RON (Run of Network)

What is RON (Run of Network)?

A campaign type you go for when your goal is to target all the websites from a network. RON traffic (run on a network) refers to acquiring web traffic from a provider without specifying a destination. Buying traffic from all of the Network’s sources implies that the advertiser is getting as much as possible for his money. The advertiser accepts traffic from all of the publishers on the web, regardless of the vertical from which they are coming.

No one can predict where an ad will appear on the page because it appears at random throughout the entire website. Run-of-Network advertising is less expensive than other methods. Still, it also seems to be less effective because it reaches a larger audience that may not be interested in the subject matter. Advertisers have relatively little say in where their adverts appear when using run of network ads. RON ads frequently appear in less attractive ad positions, such as below the fold, and the content within them may not always correspond to the advertiser’s desired audience. This, on the other hand, can lead to substantially lower CPMs than targeted advertising. Because the advertising is less targeted, the advertiser will have a bigger audience.

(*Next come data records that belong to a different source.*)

(* Let $(H,e)$ be a unital Hilbert space. Then, with respect to the matrix pairing between $M(H)$ and $M(\overline H)$, $(\max\overline{\mathfrak c_e})^\boxdot=\min\mathfrak c_e$ and $(\min\overline{\mathfrak c_e})^\boxdot=\max\mathfrak c_e$.
   Context: A Hilbert $*$-space is a complex Hilbert space $H$ (inner product linear in the first variable) with a conjugate-linear map $\zeta\mapsto\zeta^*$, $\zeta^{**}=\zeta$, $(\zeta^*,\eta^* )=\overline{(\zeta,\eta)}$. A unital Hilbert space $(H,e)$ has a fixed hermitian unit vector $e$, and unital cone $\mathfrak c_e=\{\zeta\in H_h:\|\zeta\|\le\sqrt2(\zeta,e)\}$. The conjugate space $\overline H$ (vectors $\bar\eta$, $\lambda\bar\eta=\overline{\bar\lambda\eta}$, $(\bar\zeta,\bar\eta)=\overline{(\zeta,\eta)}$, involution $\bar\eta^*=\overline{\eta^*}$) is a unital Hilbert space with unit $\bar e$ and cone $\overline{\mathfrak c_e}=\{\bar\zeta:\zeta\in\mathfrak c_e\}$; $H,\overline H$ are paired by $\langle\zeta,\bar\eta\rangle=(\zeta,\eta)$. Matrices over $H$ or $\overline H$ carry the involution $[x_{ij}]^*=[x_{ji}^*]$. Matrix pairing: for $\zeta\in M_m(H)$, $\bar\eta=[\overline{\eta_{st}}]\in M_n(\overline H)$, $\langle\langle\zeta,\bar\eta\rangle\rangle=[(\zeta_{ik},\eta_{jl})]_{(i,j),(k,l)}\in M_{mn}$. Quantum polar of a family $\mathfrak M$ of matrices over $H$: $\mathfrak M^\boxdot=\{\bar\eta\in M_n(\overline H)_h, n\ge1:\langle\langle\zeta,\bar\eta\rangle\rangle\ge0\ \forall\zeta\in\mathfrak M\}$; symmetrically, for a family $\mathfrak N$ over $\overline H$, $\mathfrak N^\boxdot=\{\zeta\in M_n(H)_h:\langle\langle\zeta,\bar\eta\rangle\rangle\ge0\ \forall\bar\eta\in\mathfrak N\}$ (a set of vectors is a family at level $1$). For a unital Hilbert space $(K,u)$ with cone $\mathfrak c_u$: a state is a linear functional $\sigma$ on $K$ with $\sigma(u)=1$, $\sigma(\mathfrak c_u)\ge0$; $\min\mathfrak c_u\cap M_n(K)=\{x\in M_n(K)_h:[\sigma(x_{ij})]\ge0\ \forall$ states $\sigma\}$; $\max\mathfrak c_u=\mathfrak c_u^{\boxdot\boxdot}$. These apply to $(H,e)$ and to $(\overline H,\bar e)$. *)

theory Defs
  imports Complex_Main
begin
lemma at_within_inner_slab: "p \<in> inner_slab \<Longrightarrow> at p within E = at p"
  by (rule at_within_interior) (rule interiorI[OF open_inner_slab _ inner_slab_subset])

text \<open>E is not open, but it contains a segment in every coordinate direction at each of its
  points, which makes derivatives within E unique.\<close>

lemma slab_directions:
  assumes x: "x \<in> E" and i: "i \<in> Basis" and e: "e > 0"
  shows "\<exists>d. 0 < \<bar>d\<bar> \<and> \<bar>d\<bar> < e \<and> x + d *\<^sub>R i \<in> E"
proof -
  obtain y t where xe: "x = (y, t)" by (cases x)
  have y: "y \<in> U" and t: "0 \<le> t" "t < T" using x xe by auto
  from i have "i \<in> (\<lambda>u. (u, 0)) ` Basis \<or> i \<in> (\<lambda>v. (0, v)) ` Basis"
    unfolding Basis_prod_def by auto
  then show ?thesis
  proof
    assume "i \<in> (\<lambda>u. (u, 0)) ` Basis"
    then obtain u where u: "u \<in> (Basis :: (real^'n) set)" and iu: "i = (u, 0)" by auto
    obtain r where r: "r > 0" "ball y r \<subseteq> U" using U_open y open_contains_ball by blast
    define d where "d = min e r / 2"
    have d: "0 < d" "d < e" "d < r" using r e by (auto simp: d_def)
    have "y + d *\<^sub>R u \<in> ball y r" using d u by (simp add: dist_norm)
    then have "y + d *\<^sub>R u \<in> U" using r by auto
    then have "x + d *\<^sub>R i \<in> E" using xe iu t by simp
    then show ?thesis using d by (intro exI[of _ d]) auto
  next
    assume "i \<in> (\<lambda>v. (0, v)) ` Basis"
    then have iu: "i = (0, 1)" by auto
    define d where "d = min e (T - t) / 2"
    have d: "0 < d" "d < e" "t + d < T" using t e unfolding d_def by (auto simp: min_def field_simps)
    have "x + d *\<^sub>R i \<in> E" using xe iu t d y by simp
    then show ?thesis using d by (intro exI[of _ d]) auto
  qed
qed
lemma coupling_overlap_le:
  assumes n: "norm n = 1" and l: "0 < l" and P: "P \<in> couplings (bloch r1) (bloch r2)"
  shows "l * Re (qform P omega_vec) \<le>
    (1 + l) * ((1 - r2 \<bullet> n) / 2) + l * (1 + l) * ((1 + r1 \<bullet> n) / 2)"
proof -
  from P have psd: "0 \<le> Re (qform P v)" for v
    unfolding couplings_def is_state_def qform_def by blast
  from P have marginals: "ptrace_Hstar P = bloch r2" "ptrace_H P = mtransp (bloch r1)"
    by (auto simp: couplings_def)
  have "0 \<le> Re (mtrace 4 (mmult 4 P (dual_witness l n)))"
    unfolding dual_witness_gram[OF n] mtrace_mmult_gram_op using psd by (simp add: sum_lessThan_2)
  also have "\<dots> = (1 + l) * ((1 - r2 \<bullet> n) / 2) + l * (1 + l) * ((1 + r1 \<bullet> n) / 2)
      - l * Re (qform P omega_vec)"
    unfolding mtrace_mmult_dual_witness marginals mtrace_mmult_transp mtrace_mmult_bloch
    by (simp add: inner_commute[of n r1])
  finally show ?thesis by simp
qed

definition transport_plan :: "real \<Rightarrow> real \<Rightarrow> real^3 \<Rightarrow> cmat" where
  "transport_plan s t n = (\<lambda>i j.
     ket_bra (vec_op (\<lambda>a b. of_real s * bloch n a b + of_real t * bloch (-n) a b)) i j
     + of_real (1 - s\<^sup>2 - t\<^sup>2) * kron2 (bloch n) (mtransp (bloch (-n))) i j)"

lemma transport_plan_gram:
  assumes "norm n = 1"
  shows "transport_plan s t n =
    gram_op (vec_op (\<lambda>a b. of_real s * bloch n a b + of_real t * bloch (-n) a b))
      (1 - s\<^sup>2 - t\<^sup>2) (cross_vec n)"
  unfolding transport_plan_def gram_op_def kron_bloch_antipodal[OF assms] ..

lemma transport_plan_trace:
  assumes "norm n = 1"
  shows "mtrace 4 (transport_plan s t n) = 1"
  unfolding transport_plan_gram[OF assms]
  apply (simp add: mtrace_def gram_op_def sum_lessThan_4 sum_lessThan_2 ket_bra_def vec_op_def cross_vec_def
      bloch_entries complex_eq_iff)
  apply (simp add: field_simps power2_eq_square)
  apply (simp add: algebra_simps unit_vec3_coord_sq[OF assms])
  done

lemma transport_plan_overlap:
  assumes "norm n = 1"
  shows "qform (transport_plan s t n) omega_vec = of_real ((s + t)\<^sup>2)"
proof -
  have "(\<Sum>i<4. cnj (omega_vec i) * vec_op (\<lambda>a b. of_real s * bloch n a b + of_real t * bloch (-n) a b) i)
      = of_real (s + t)"
    by (simp add: sum_lessThan_4 omega_vec_def vec_op_def id2_def bloch_entries complex_eq_iff
        field_simps)
  moreover have "(\<Sum>i<4. cnj (omega_vec i) * cross_vec n a b i) = 0" if "a < 2" "b < 2" for a b
    using that unfolding nat_less_2_iff
    apply (elim disjE; hypsubst_thin)
    apply (simp_all add: sum_lessThan_4 omega_vec_def vec_op_def id2_def cross_vec_def bloch_entries
        complex_eq_iff)
    apply (simp_all add: field_simps power2_eq_square)
    apply (simp_all add: algebra_simps unit_vec3_coord_sq[OF assms])
    done
  ultimately show ?thesis
    unfolding transport_plan_gram[OF assms] qform_gram_op
    by (simp add: sum_lessThan_2 power2_abs flip: of_real_add)
qed

lemma transport_plan_ptrace_Hstar:
  assumes "norm n = 1"
  shows "ptrace_Hstar (transport_plan s t n) = bloch ((1 - 2 * t\<^sup>2) *\<^sub>R n)"
proof (intro ext)
  fix a a' :: nat
  show "ptrace_Hstar (transport_plan s t n) a a' = bloch ((1 - 2 * t\<^sup>2) *\<^sub>R n) a a'"
  proof (cases "a < 2 \<and> a' < 2")
    case True
    then show ?thesis unfolding nat_less_2_iff transport_plan_gram[OF assms]
      apply (elim conjE disjE; hypsubst_thin)
      apply (simp_all add: ptrace_Hstar_def gram_op_entry sum_lessThan_2 vec_op_def cross_vec_def
          bloch_entries complex_eq_iff)
      apply (simp_all add: field_simps power2_eq_square)
      apply (simp_all add: algebra_simps unit_vec3_coord_sq[OF assms])
      done
  qed (auto simp: ptrace_Hstar_def bloch_def id2_def pauli_def)
qed

lemma transport_plan_ptrace_H:
  assumes "norm n = 1"
  shows "ptrace_H (transport_plan s t n) = mtransp (bloch ((2 * s\<^sup>2 - 1) *\<^sub>R n))"
proof (intro ext)
  fix b b' :: nat
  show "ptrace_H (transport_plan s t n) b b' = mtransp (bloch ((2 * s\<^sup>2 - 1) *\<^sub>R n)) b b'"
  proof (cases "b < 2 \<and> b' < 2")
    case True
    then show ?thesis unfolding nat_less_2_iff transport_plan_gram[OF assms]
      apply (elim conjE disjE; hypsubst_thin)
      apply (simp_all add: ptrace_H_def mtransp_def gram_op_entry sum_lessThan_2 vec_op_def cross_vec_def
          bloch_entries complex_eq_iff)
      apply (simp_all add: field_simps power2_eq_square)
      apply (simp_all add: algebra_simps unit_vec3_coord_sq[OF assms])
      done
  qed (auto simp: ptrace_H_def mtransp_def bloch_def id2_def pauli_def)
qed

lemma transport_plan_coupling:
  assumes "norm n = 1" and "s\<^sup>2 + t\<^sup>2 \<le> 1"
  shows "transport_plan s t n \<in> couplings (bloch ((2 * s\<^sup>2 - 1) *\<^sub>R n)) (bloch ((1 - 2 * t\<^sup>2) *\<^sub>R n))"
proof -
  have "is_state 4 (transport_plan s t n)"
    using gram_op_is_state transport_plan_trace[OF assms(1)] assms(2)
    unfolding transport_plan_gram[OF assms(1)] by simp
  then show ?thesis
    unfolding couplings_def
    using transport_plan_ptrace_Hstar[OF assms(1)] transport_plan_ptrace_H[OF assms(1)] by simp
qed

text \<open>
  The bound is optimal at l = t / s; perturbing s and t by e avoids the degenerate cases s = 0
  and t = 0.
\<close>

lemma le_square_sum_if_weighted_bounds:
  fixes G s t :: real
  assumes "0 \<le> s" "0 \<le> t" and bound: "\<And>l. 0 < l \<Longrightarrow> G \<le> (1 + 1 / l) * t\<^sup>2 + (1 + l) * s\<^sup>2"
  shows "G \<le> (s + t)\<^sup>2"
proof (rule tendsto_lowerbound)
  show "((\<lambda>e. (s + t + 2 * e)\<^sup>2) \<longlongrightarrow> (s + t)\<^sup>2) (at_right 0)"
    by (auto intro!: tendsto_eq_intros)
  show "\<forall>\<^sub>F e in at_right 0. G \<le> (s + t + 2 * e)\<^sup>2"
  proof (rule eventually_mono[OF eventually_at_right_less])
    fix e :: real
    assume e: "0 < e"
    let ?l = "(t + e) / (s + e)"
    have "0 < s + e" "0 < t + e" using assms e by simp_all
    then have "0 < ?l" by simp
    then have "G \<le> (1 + 1 / ?l) * t\<^sup>2 + (1 + ?l) * s\<^sup>2"
      by (rule bound)
    also have "\<dots> \<le> (1 + 1 / ?l) * (t + e)\<^sup>2 + (1 + ?l) * (s + e)\<^sup>2"
      using assms e by (intro add_mono mult_left_mono power_mono) auto
    also have "\<dots> = (s + t + 2 * e) * (t + e) + (s + t + 2 * e) * (s + e)"
    proof -
      have "1 + 1 / ?l = (s + t + 2 * e) / (t + e)" "1 + ?l = (s + t + 2 * e) / (s + e)"
        using \<open>0 < s + e\<close> \<open>0 < t + e\<close> by (simp_all add: field_simps)
      then show ?thesis
        using \<open>0 < s + e\<close> \<open>0 < t + e\<close> by (simp add: power2_eq_square)
    qed
    also have "\<dots> = (s + t + 2 * e)\<^sup>2"
      by (simp add: power2_eq_square algebra_simps)
    finally show "G \<le> (s + t + 2 * e)\<^sup>2" .
  qed
qed simp
lemma polynomial_Pr:
  assumes "polynomial p" "polynomial q"
  shows "polynomial (Pr j p q)"
proof (cases j)
  case 0
  then show ?thesis
    using assms by (simp add: Pr_0 smooth_polynomial polynomial_mult)
next
  case (Suc j')
  obtain n m where "poly_le (int n) p" "poly_le (int m) q"
    using assms unfolding polynomial_def by blast
  then show ?thesis
    using Suc by (blast intro: polynomialI poly_le_Pr)
qed

lemma Pr_assoc:
  assumes "polynomial p" "polynomial q" "polynomial r"
  shows "(\<Sum>l\<le>k. Pr l (Pr (k - l) p q) r x) = (\<Sum>l\<le>k. Pr l p (Pr (k - l) q r) x)"
proof -
  have smooth: "smooth p" "smooth q" "smooth r" "\<And>l. smooth (Pr l p q)" "\<And>l. smooth (Pr l q r)"
    using assms by (simp_all add: smooth_polynomial polynomial_Pr)
  have "star Pr (star Pr (series_of p) (series_of q)) (series_of r) =
      star Pr (series_of p) (star Pr (series_of q) (series_of r))"
    using star_product smooth unfolding star_product_def by (blast intro: smooth_series_of)
  then have "star Pr (\<lambda>l. Pr l p q) (series_of r) k x = star Pr (series_of p) (\<lambda>l. Pr l q r) k x"
    by (simp add: star_series_of_series_of bidiff_Pr smooth)
  then show ?thesis
    by (simp add: star_series_of_left star_series_of_right bidiff_Pr smooth)
qed

lemma Pr_one_one: "Pr k (\<lambda>x. 1) (\<lambda>x. 1) = (if k = 0 then (\<lambda>x. 1) else (\<lambda>x. 0))"
proof (cases k)
  case 0
  then show ?thesis
    by (simp add: Pr_0 smooth_polynomial polynomial_const)
next
  case (Suc k')
  have "poly_le (int 0 + int 0 - 1) (Pr k (\<lambda>x. 1) (\<lambda>x. 1))"
    using Suc by (intro poly_le_Pr) (simp_all add: poly_le_const)
  then show ?thesis
    using Suc poly_le_neg[of "-1"] by simp
qed

lemma Pr_one_right: "polynomial p \<Longrightarrow> Pr k p (\<lambda>x. 1) = (if k = 0 then p else (\<lambda>x. 0))"
proof (induction k rule: less_induct)
  case (less k)
  let ?one = "\<lambda>x :: real^'n. 1 :: real"
  have smooth: "smooth p" "smooth ?one"
    using less.prems by (simp_all add: smooth_polynomial polynomial_const)
  show ?case
  proof (cases "k = 0")
    case True
    then show ?thesis
      by (simp add: Pr_0 smooth)
  next
    case False
    have "Pr k p ?one x = 0" for x
    proof -
      \<comment> \<open>Coefficient k of (p * 1) * 1 = p * (1 * 1): as 1 * 1 = 1, the left side contains
        Pr k p 1 twice (for l = 0 and l = k), the right side once.\<close>
      have "Pr l (Pr (k - l) p ?one) ?one x = (if l = 0 then Pr k p ?one x else 0) +
          (if l = k then Pr k p ?one x else 0)" if "l \<le> k" for l
        using that False less.IH[of "k - l"] less.prems
        by (auto simp: Pr_0 smooth_polynomial polynomial_Pr polynomial_const bidiff_zero_left bidiff_Pr)
      then have "(\<Sum>l\<le>k. Pr l (Pr (k - l) p ?one) ?one x) = 2 * Pr k p ?one x"
        by (simp add: sum.distrib)
      moreover have "Pr l p (Pr (k - l) ?one ?one) x = (if l = k then Pr k p ?one x else 0)"
        if "l \<le> k" for l
        using that by (auto simp: Pr_one_one bidiff_zero_right bidiff_Pr smooth)
      then have "(\<Sum>l\<le>k. Pr l p (Pr (k - l) ?one ?one) x) = Pr k p ?one x"
        by simp
      ultimately show ?thesis
        using Pr_assoc[OF less.prems polynomial_const polynomial_const] by simp
    qed
    then show ?thesis
      using False by auto
  qed
qed
(* Let $A_1,A_2:\mathbb{R}^n\rightrightarrows\mathbb{R}^n$ be monotone linear relations. Then $q_{A_1}+q_{A_2}=q_{A_1+A_2}$. If in addition $\operatorname{dom}A_1\subseteq\operatorname{dom}A_2$ and $A_1-A_2$ is monotone, then $q_{A_1}-q_{A_2}=q_{A_1-A_2}$.
   Context: A linear relation is an operator whose graph is a linear subspace; monotone means $\langle x^*-y^*,x-y\rangle\ge0$ on the graph. For a monotone linear relation $B$, $q_B(x)=\frac12\langle x,Bx\rangle$ if $x\in\operatorname{dom}B$ (single-valued) and $\infty$ otherwise. $A_1\pm A_2$ are pointwise Minkowski sums/differences with $\operatorname{dom}(A_1\pm A_2)=\operatorname{dom}A_1\cap\operatorname{dom}A_2$. Convention: $\infty-t=\infty$ for real $t$. *)

theory Defs
  imports "HOL-Analysis.Analysis"
begin

definition graph :: "('a \<Rightarrow> 'b set) \<Rightarrow> ('a \<times> 'b) set" where
  "graph A = {(x, y). y \<in> A x}"

definition rdom :: "('a \<Rightarrow> 'b set) \<Rightarrow> 'a set" where
  "rdom A = {x. A x \<noteq> {}}"

definition linear_relation :: "('a::real_vector \<Rightarrow> 'b::real_vector set) \<Rightarrow> bool" where
  "linear_relation A \<longleftrightarrow> subspace (graph A)"

definition monotone_rel :: "('a::real_inner \<Rightarrow> 'a set) \<Rightarrow> bool" where
  "monotone_rel A \<longleftrightarrow>
     (\<forall>(x, x') \<in> graph A. \<forall>(y, y') \<in> graph A. inner (x' - y') (x - y) \<ge> 0)"

text \<open>Pointwise Minkowski sum / difference; the domain is automatically the intersection.\<close>
definition rel_plus :: "('a \<Rightarrow> 'b::ab_group_add set) \<Rightarrow> ('a \<Rightarrow> 'b set) \<Rightarrow> 'a \<Rightarrow> 'b set" where
  "rel_plus A1 A2 x = {a + b | a b. a \<in> A1 x \<and> b \<in> A2 x}"

definition rel_minus :: "('a \<Rightarrow> 'b::ab_group_add set) \<Rightarrow> ('a \<Rightarrow> 'b set) \<Rightarrow> 'a \<Rightarrow> 'b set" where
  "rel_minus A1 A2 x = {a - b | a b. a \<in> A1 x \<and> b \<in> A2 x}"

text \<open>q_B(x) = 1/2 <x, Bx> on dom B (well defined for monotone linear relations), \<infinity> otherwise.\<close>
definition qB :: "('a::real_inner \<Rightarrow> 'a set) \<Rightarrow> 'a \<Rightarrow> ereal" where
  "qB B x = (if x \<in> rdom B then ereal (inner x (SOME y. y \<in> B x) / 2) else \<infinity>)"

definition ediff :: "ereal \<Rightarrow> ereal \<Rightarrow> ereal" where
  "ediff a b = (if a = \<infinity> then \<infinity> else a - b)"

end

theory Submission
  imports Defs
begin

text \<open>For a monotone linear relation A and y, y' \<in> A x, linearity puts (0, s(y - y')) in the
  graph for every real s, and monotonicity against (x, y) gives \<langle>y - s(y - y'), x\<rangle> \<ge> 0
  for all s, which forces \<langle>y - y', x\<rangle> = 0. So \<langle>x, y\<rangle> does not depend on the choice of
  y \<in> A x, and q is additive over Minkowski sums and differences of the relations.\<close>

lemma monotone_linear_relation_inner_eq:
  fixes A :: "'a::real_inner \<Rightarrow> 'a set"
  assumes lin: "linear_relation A" and mon: "monotone_rel A"
    and y: "y \<in> A x" and y': "y' \<in> A x"
  shows "inner x y = inner x y'"
proof -
  have S: "subspace (graph A)" using lin by (simp add: linear_relation_def)
  have gy: "(x, y) \<in> graph A" using y by (simp add: graph_def)
  have gy': "(x, y') \<in> graph A" using y' by (simp add: graph_def)
  define d where "d = y - y'"
  have "(0, d) \<in> graph A" using subspace_diff[OF S gy gy'] by (simp add: d_def)
  then have "(0, s *\<^sub>R d) \<in> graph A" for s
    using subspace_scale[OF S, of "(0, d)" s] by simp
  then have nonneg: "inner (y - s *\<^sub>R d) x \<ge> 0" for s
    using mon gy unfolding monotone_rel_def by fastforce
  have "inner d x = 0"
  proof (rule ccontr)
    assume nz: "inner d x \<noteq> 0"
    have "0 \<le> inner (y - ((inner y x + 1) / inner d x) *\<^sub>R d) x" by (rule nonneg)
    also have "\<dots> = -1" using nz by (simp add: inner_diff_left field_simps)
    finally show False by simp
  qed
  then show ?thesis by (simp add: d_def inner_diff_left inner_diff_right inner_commute)
qed

lemma qB_outside_rdom: "x \<notin> rdom B \<Longrightarrow> qB B x = \<infinity>"
  by (simp add: qB_def)

lemma qB_neq_minf: "qB B x \<noteq> -\<infinity>"
  by (simp add: qB_def)

lemma qB_eq_if_inner_const:
  assumes y: "y \<in> B x" and const: "\<And>z. z \<in> B x \<Longrightarrow> inner x z = inner x y"
  shows "qB B x = ereal (inner x y / 2)"
proof -
  have "x \<in> rdom B" using y by (auto simp: rdom_def)
  moreover have "(SOME z. z \<in> B x) \<in> B x" using y by (rule someI)
  ultimately show ?thesis using const by (simp add: qB_def)
qed

lemma qB_eq_inner:
  assumes "linear_relation A" "monotone_rel A" "y \<in> A x"
  shows "qB A x = ereal (inner x y / 2)"
  using assms(3) monotone_linear_relation_inner_eq[OF assms(1,2) _ assms(3)]
  by (rule qB_eq_if_inner_const)

lemma rdom_rel_plus: "rdom (rel_plus A B) = rdom A \<inter> rdom B"
  unfolding rdom_def rel_plus_def by blast

lemma rdom_rel_minus: "rdom (rel_minus A B) = rdom A \<inter> rdom B"
  unfolding rdom_def rel_minus_def by blast

lemma qB_rel_plus:
  fixes A1 A2 :: "'a::real_inner \<Rightarrow> 'a set"
  assumes "linear_relation A1" "monotone_rel A1" "linear_relation A2" "monotone_rel A2"
  shows "qB A1 x + qB A2 x = qB (rel_plus A1 A2) x"
proof (cases "x \<in> rdom A1 \<inter> rdom A2")
  case True
  then obtain a b where a: "a \<in> A1 x" and b: "b \<in> A2 x" by (auto simp: rdom_def)
  have "a + b \<in> rel_plus A1 A2 x" using a b by (auto simp: rel_plus_def)
  moreover have "inner x c = inner x (a + b)" if c: "c \<in> rel_plus A1 A2 x" for c
  proof -
    obtain a' b' where "c = a' + b'" "a' \<in> A1 x" "b' \<in> A2 x"
      using c by (auto simp: rel_plus_def)
    then show ?thesis
      using monotone_linear_relation_inner_eq[OF assms(1,2) a]
        monotone_linear_relation_inner_eq[OF assms(3,4) b]
      by (simp add: inner_add_right)
  qed
  ultimately have "qB (rel_plus A1 A2) x = ereal (inner x (a + b) / 2)"
    by (rule qB_eq_if_inner_const)
  then show ?thesis
    using qB_eq_inner[OF assms(1,2) a] qB_eq_inner[OF assms(3,4) b]
    by (simp add: inner_add_right add_divide_distrib)
next
  case False
  then show ?thesis
    using qB_outside_rdom[of x] qB_neq_minf[of A1 x] qB_neq_minf[of A2 x]
    by (auto simp: rdom_rel_plus)
qed

lemma qB_rel_minus:
  fixes A1 A2 :: "'a::real_inner \<Rightarrow> 'a set"
  assumes "linear_relation A1" "monotone_rel A1" "linear_relation A2" "monotone_rel A2"
    and dom: "rdom A1 \<subseteq> rdom A2"
  shows "ediff (qB A1 x) (qB A2 x) = qB (rel_minus A1 A2) x"
proof (cases "x \<in> rdom A1")
  case True
  moreover have "x \<in> rdom A2" using True dom by blast
  ultimately obtain a b where a: "a \<in> A1 x" and b: "b \<in> A2 x" by (auto simp: rdom_def)
  have "a - b \<in> rel_minus A1 A2 x" using a b by (auto simp: rel_minus_def)
  moreover have "inner x c = inner x (a - b)" if c: "c \<in> rel_minus A1 A2 x" for c
  proof -
    obtain a' b' where "c = a' - b'" "a' \<in> A1 x" "b' \<in> A2 x"
      using c by (auto simp: rel_minus_def)
    then show ?thesis
      using monotone_linear_relation_inner_eq[OF assms(1,2) a]
        monotone_linear_relation_inner_eq[OF assms(3,4) b]
      by (simp add: inner_diff_right)
  qed
  ultimately have "qB (rel_minus A1 A2) x = ereal (inner x (a - b) / 2)"
    by (rule qB_eq_if_inner_const)
  then show ?thesis
    using qB_eq_inner[OF assms(1,2) a] qB_eq_inner[OF assms(3,4) b]
    by (simp add: ediff_def inner_diff_right diff_divide_distrib)
next
  case False
  then show ?thesis by (simp add: qB_outside_rdom rdom_rel_minus ediff_def)
qed

theorem proposition4p22:
  fixes A1 A2 :: "real^'n \<Rightarrow> (real^'n) set"
  assumes "linear_relation A1" and "monotone_rel A1"
    and "linear_relation A2" and "monotone_rel A2"
  shows "(\<forall>x. qB A1 x + qB A2 x = qB (rel_plus A1 A2) x)
    \<and> (rdom A1 \<subseteq> rdom A2 \<and> monotone_rel (rel_minus A1 A2) \<longrightarrow>
         (\<forall>x. ediff (qB A1 x) (qB A2 x) = qB (rel_minus A1 A2) x))"
  using qB_rel_plus[OF assms] qB_rel_minus[OF assms] by blast

end
text \<open>If \<open>r = 2y\<close> with \<open>y \<in> \<int>[w]\<close>, then \<open>y = r/2\<close> is a rational algebraic integer.\<close>
lemma of_int_in_evens_iff: "of_int r \<in> evens \<longleftrightarrow> even r"
proof
  assume "of_int r \<in> evens"
  then obtain y where "y \<in> ints" and y: "of_int r = 2 * y"
    by blast
  moreover have "y \<in> \<rat>"
    using y by (metis Rats_divide Rats_number_of Rats_of_int nonzero_mult_div_cancel_left zero_neq_numeral)
  ultimately have "y \<in> \<int>"
    by (intro rational_algebraic_int_is_int ints_algebraic_int)
  then obtain s where "y = of_int s"
    by (elim Ints_cases)
  with y have "of_int r = (of_int (2 * s) :: 'a)"
    by simp
  then show "even r"
    by (simp only: of_int_eq_iff) simp
next
  assume "even r"
  then show "of_int r \<in> evens"
    using evensI[OF ints_of_int] by (auto elim!: evenE)
qed

lemma one_notin_evens: "1 \<notin> evens"
  using of_int_in_evens_iff[of 1] by simp

lemma evens_cancel_odd:
  assumes "odd r" and "x \<in> ints" and "of_int r * x \<in> evens"
  shows "x \<in> evens"
proof -
  obtain s where "r = 2 * s + 1"
    using assms(1) by (elim oddE)
  then have "x = of_int r * x - 2 * (of_int s * x)"
    by (simp add: algebra_simps)
  also have "\<dots> \<in> evens"
    using assms(2,3) by blast
  finally show ?thesis .
qed

lemma evens_cancel_w_power:
  assumes "w ^ j * x \<in> evens"
  shows "x \<in> evens"
proof -
  have "w ^ (D * j - j) * w ^ j = (w ^ D) ^ j"
    using order_pos by (simp flip: power_add power_mult)
  then have "w ^ (D * j - j) * w ^ j = 1"
    by (simp add: root)
  then have "x = (w ^ j * x) * w ^ (D * j - j)"
    by (simp add: algebra_simps)
  also have "\<dots> \<in> evens"
    using assms by blast
  finally show ?thesis .
qed

lemma power_minus_one_in_evens:
  assumes "z \<in> ints" and "z - 1 \<in> evens"
  shows "z ^ j - 1 \<in> evens"
proof (induction j)
  case 0
  show ?case
    using evensI[OF ints_zero] by simp
next
  case (Suc j)
  have "z ^ Suc j - 1 = (z ^ j - 1) * z + (z - 1)"
    by (simp add: algebra_simps)
  also have "\<dots> \<in> evens"
    using Suc assms by blast
  finally show ?case .
qed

When promoting a product that appeals to a broad audience or when looking to boost a brand’s visibility, advertisers frequently choose traditional forms of network advertising. Run of Network has both advantages and disadvantages. The benefits are their line item creation is simplified. Because it’s simpler, it takes less effort and time to do. Unfilled or unsold ad inventory can be monetized using this technique.

Some of the disadvantages of RON include Optimization that isn’t granular (can’t distinguish Optimization of inventory not performing evenly from other optimizations), especially in the case of managed demand, which tends to lead to unfair competition. You don’t have control over delivery as a publisher (e.g., frequency cap, impression cap, day & time, creative rotation). If filling unsold inventory with RON results in decreased RPMs, this is a bad thing.

Price is by far the most significant advantage of a Run-of-Network campaign or ad placement over traditional media. It costs less because you don’t have to pick specific sites and because the Network can place it in front of virtually any accessible traffic. Similarly, a Run-of-Network campaign’s biggest disadvantage is its primary advantage, viewed from a different angle.